Blair Underwood: Yeah. I feel the same way in terms of the secrecy and I just haven’t really pushed the issue and not asked too much because I kind of don’t want to know. I just want to take the ride as the character takes the ride.
I’m curious from an acting standpoint, when you don’t know a ton about what’s coming down the line, how do you handle?
Zeljko Ivanek: I don’t know. You know, it’s not something we kind of sat down just amongst the actors, amongst ourselves to sort out if we’re all having the same experience or different experiences.
I’ve been satisfied that I know as much as I need to know to play the scenes I’m playing. That whatever background information I’ve asked to get about something, whatever my character needs, knows up to that moment, they have been, you know, free with and have fully explained and brought me up to speed.
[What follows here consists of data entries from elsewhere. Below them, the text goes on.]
(* Let $0<q<1$, $\Re\eta>-1$, $\lambda\ge1$, and let $\phi(z)=1+\sum_{n\ge1}E_nz^n$ be analytic in $\Delta$ with $\Re\phi>0$, $\phi(0)=1$, $E_1>0$. Put $$\Psi=2(\lambda\widetilde{[3]}_q-1)\widetilde{[3]}_qL_3+\lambda(\lambda-1)\widetilde{[2]}_q^{\,4}L_2^2,\qquad \Upsilon=2(\lambda\widetilde{[3]}_q-1)\widetilde{[3]}_qE_1^2L_3+\lambda\big[(\lambda-1)E_1^2+2\lambda(E_1-E_2)\big]\widetilde{[2]}_q^{\,4}L_2^2,$$ assumed nonzero. If $f(z)=z+\sum_{n\ge2}a_nz^n$ belongs to $\widetilde{\mathcal{C}_{\Sigma}}{}^{\eta}_q(\lambda;\phi)$, then $$|a_2|\le\min\left\{\frac{E_1}{\lambda|L_2|\widetilde{[2]}_q^{\,2}},\ \sqrt{\frac{2(|E_2-E_1|+E_1)}{|\Psi|}},\ \frac{E_1\sqrt{2E_1}}{\sqrt{|\Upsilon|}}\right\},\qquad |a_3|\le\frac{E_1}{(\lambda\widetilde{[3]}_q-1)\widetilde{[3]}_q|L_3|}+\min\left\{\frac{E_1^2}{\lambda^2\widetilde{[2]}_q^{\,4}|L_2|^2},\ \frac{2(|E_2-E_1|+E_1)}{|\Psi|}\right\}.$$
   Context: $\Delta=\{z\in\mathbb{C}:|z|<1\}$. $\Sigma$ denotes the class of analytic $f(z)=z+\sum_{n\ge2}a_nz^n$ on $\Delta$ that are univalent and whose inverse $g=f^{-1}$ extends univalently to $\Delta$. For $0<q<1$, $\chi\in\mathbb C$: $\widetilde{[\chi]}_q=\frac{q^{\chi}-q^{-\chi}}{q-q^{-1}}$. Symmetric $q$-derivative: $\widetilde{\mathcal D}_qF(z)=\frac{F(qz)-F(q^{-1}z)}{(q-q^{-1})z}$ ($z\ne0$), $\widetilde{\mathcal D}_qF(0)=F'(0)$. For $\Re\eta>-1$, $\mathcal J^{\eta}_qf(z)=z+\sum_{n\ge2}L_na_nz^n$ with $L_n=\widetilde{[1+\eta]}_q/\widetilde{[n+\eta]}_q$. Subordination $F\prec G$: $F=G\circ h$, $h$ analytic, $h(0)=0$, $|h|<1$. Principal branches for powers. The class $\widetilde{\mathcal{C}_{\Sigma}}{}^{\eta}_q(\lambda;\phi)$ (the case $\mu=0$ of the general class) consists of $f\in\Sigma$, $g=f^{-1}$, with $F=\mathcal J^\eta_qf$, $G=\mathcal J^\eta_qg$ satisfying $$\frac{2\{\widetilde{\mathcal D}_q[z\widetilde{\mathcal D}_qF(z)]\}^{\lambda}}{\widetilde{\mathcal D}_q[F(z)-F(-z)]}\prec\phi(z),\qquad \frac{2\{\widetilde{\mathcal D}_q[w\widetilde{\mathcal D}_qG(w)]\}^{\lambda}}{\widetilde{\mathcal D}_q[G(w)-G(-w)]}\prec\phi(w)\qquad(z,w\in\Delta).$$ *)

theory Defs
  imports "HOL-Complex_Analysis.Complex_Analysis"
begin

definition qbr :: "real \<Rightarrow> complex \<Rightarrow> complex" where
  "qbr q chi = (of_real q powr chi - of_real q powr (- chi)) / (of_real q - 1 / of_real q)"

definition qbr_r :: "real \<Rightarrow> real \<Rightarrow> real" where
  "qbr_r q x = (q powr x - q powr (- x)) / (q - 1 / q)"

definition qD :: "real \<Rightarrow> (complex \<Rightarrow> complex) \<Rightarrow> complex \<Rightarrow> complex" where
  "qD q F z = (if z = 0 then deriv F 0
               else (F (of_real q * z) - F (z / of_real q)) / ((of_real q - 1 / of_real q) * z))"

definition tcoeff :: "(complex \<Rightarrow> complex) \<Rightarrow> nat \<Rightarrow> complex" where
  "tcoeff f n = (deriv ^^ n) f 0 / of_nat (fact n)"

definition Lq :: "real \<Rightarrow> complex \<Rightarrow> nat \<Rightarrow> complex" where
  "Lq q eta n = qbr q (1 + eta) / qbr q (of_nat n + eta)"
(* Consider the sparse linear Gaussian model: $S\in\{1,\dots,N\}$, $\mathcal{X}_S=\{\mathbf{x}\in\mathbb{R}^N:\|\mathbf{x}\|_0\le S\}$, $\mathbf{H}\in\mathbb{R}^{M\times N}$ with $\operatorname{spark}(\mathbf{H})>S$, $\sigma>0$, observation $\mathbf{y}=\mathbf{H}\mathbf{x}+\mathbf{n}$, $\mathbf{n}\sim\mathcal{N}(\mathbf{0},\sigma^2\mathbf{I})$, and parameter function $g(\mathbf{x})=x_k$ for a fixed $k\in[N]$. Let $D=\operatorname{rank}(\mathbf{H})$, $\mathbf{H}=\mathbf{U}\mathbf{\Sigma}\mathbf{V}^T$ a thin SVD and $\widetilde{\mathbf{H}}=\mathbf{V}\mathbf{\Sigma}^{-1}$. Let $\mathbf{x}_1\in\mathbb{R}^D$, $C\ge 0$, and let $(a[\mathbf{p}])_{\mathbf{p}\in\mathbb{Z}_+^D}$ satisfy $|a[\mathbf{p}]|\le C^{|\mathbf{p}|}$ for all $\mathbf{p}$. Then the function $$c(\mathbf{x})=\exp\big(\mathbf{x}_1^T\widetilde{\mathbf{H}}^{\dagger}\mathbf{x}\big)\sum_{\mathbf{p}\in\mathbb{Z}_+^D}\frac{a[\mathbf{p}]}{\mathbf{p}!}\Big(\tfrac{1}{\sigma}\widetilde{\mathbf{H}}^{\dagger}\mathbf{x}\Big)^{\mathbf{p}}-x_k,\qquad \mathbf{x}\in\mathcal{X}_S,$$ is a valid bias function at every $\mathbf{x}_0\in\mathcal{X}_S$. In particular, for $\mathbf{H}=\mathbf{I}$ (with thin SVD $\mathbf{U}=\mathbf{V}=\mathbf{\Sigma}=\mathbf{I}$), the choice $\mathbf{x}_1=\mathbf{0}$, $a[\mathbf{e}_k]=\sigma$ and $a[\mathbf{p}]=0$ for all other $\mathbf{p}$ yields $c\equiv 0$.
   Context: $[N]=\{1,\dots,N\}$; $\|\mathbf{x}\|_0$ = number of nonzero entries; $\operatorname{spark}$ = minimum number of linearly dependent columns; $\dagger$ = Moore–Penrose pseudoinverse. Thin SVD: $\mathbf{U}\in\mathbb{R}^{M\times D}$, $\mathbf{V}\in\mathbb{R}^{N\times D}$ with orthonormal columns, $\mathbf{\Sigma}$ diagonal positive. Multi-index notation: $|\mathbf{p}|=\sum p_l$, $\mathbf{p}!=\prod p_l!$, $\mathbf{z}^{\mathbf{p}}=\prod z_l^{p_l}$; $\mathbf{e}_k$ is the $k$th unit multi-index. An estimator $\hat g:\mathbb{R}^M\to\mathbb{R}$ has bias $b(\hat g;\mathbf{x})=\mathsf{E}_{\mathbf{x}}\{\hat g(\mathbf{y})\}-x_k$ and variance $v(\hat g;\mathbf{x})$; a bias function $c:\mathcal{X}_S\to\mathbb{R}$ is valid at $\mathbf{x}_0$ if some estimator has $v(\hat g;\mathbf{x}_0)<\infty$ and $b(\hat g;\mathbf{x})=c(\mathbf{x})$ for all $\mathbf{x}\in\mathcal{X}_S$. *)

theory Defs
  imports "HOL-Probability.Probability"
begin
I kind of liken Blair alluding to his – well, kind of the excitement of the script arriving and going like oh my God. Let’s see what happens next. It’s actually exciting just to kind of read through and realize how much the ground just keeps shifting under all these characters as the plot evolves.
I went through a similar situation a little beyond Damages where I was given a kind of overview early on about a sort of general ark of the story but it was pretty generalized and vague and, you know, and again the sense was just to tell me enough so that I know kind of, you know, as the character, where I am in a particular moment and be able to play that.
So as long as I feel up to speed enough to play the scene that I’m actually having to play next, I’m fine with that and, you know, the rest is for other people to worry about.
Blair Underwood: Yeah. I feel the same way. Once in a blue moon, something will come up and you just feel as though, you know, you need more information in order to play the scene accurately.
But, you know, accurately is you know – it’s – it changes. I mean what’s important in that moment could possibly change and, you know, Zeljko and I both worked in serial television, serious television for a while and we know that it’s a whole animal unto itself and it can shift according to what the audience wants to see or the producers change their mind.
I know what I need to know at that time and if I need some more information, then you know, you ask the producer and the writers what do you think and because they’re usually three, four, five steps ahead of you.
Zeljko, you mentioned earlier that people assume that you always play the bad guy. Are you afraid of being typecast as always being?
Zeljko Ivanek: You know, I find it a good thing to keep working. So the typecasting doesn’t necessarily bother me as much as you might think.
You know, I don’t know whether I just look sinister in a suit or if people are prone to see you in certain character and certain series and kind of respond to that and that’s kind of what you get.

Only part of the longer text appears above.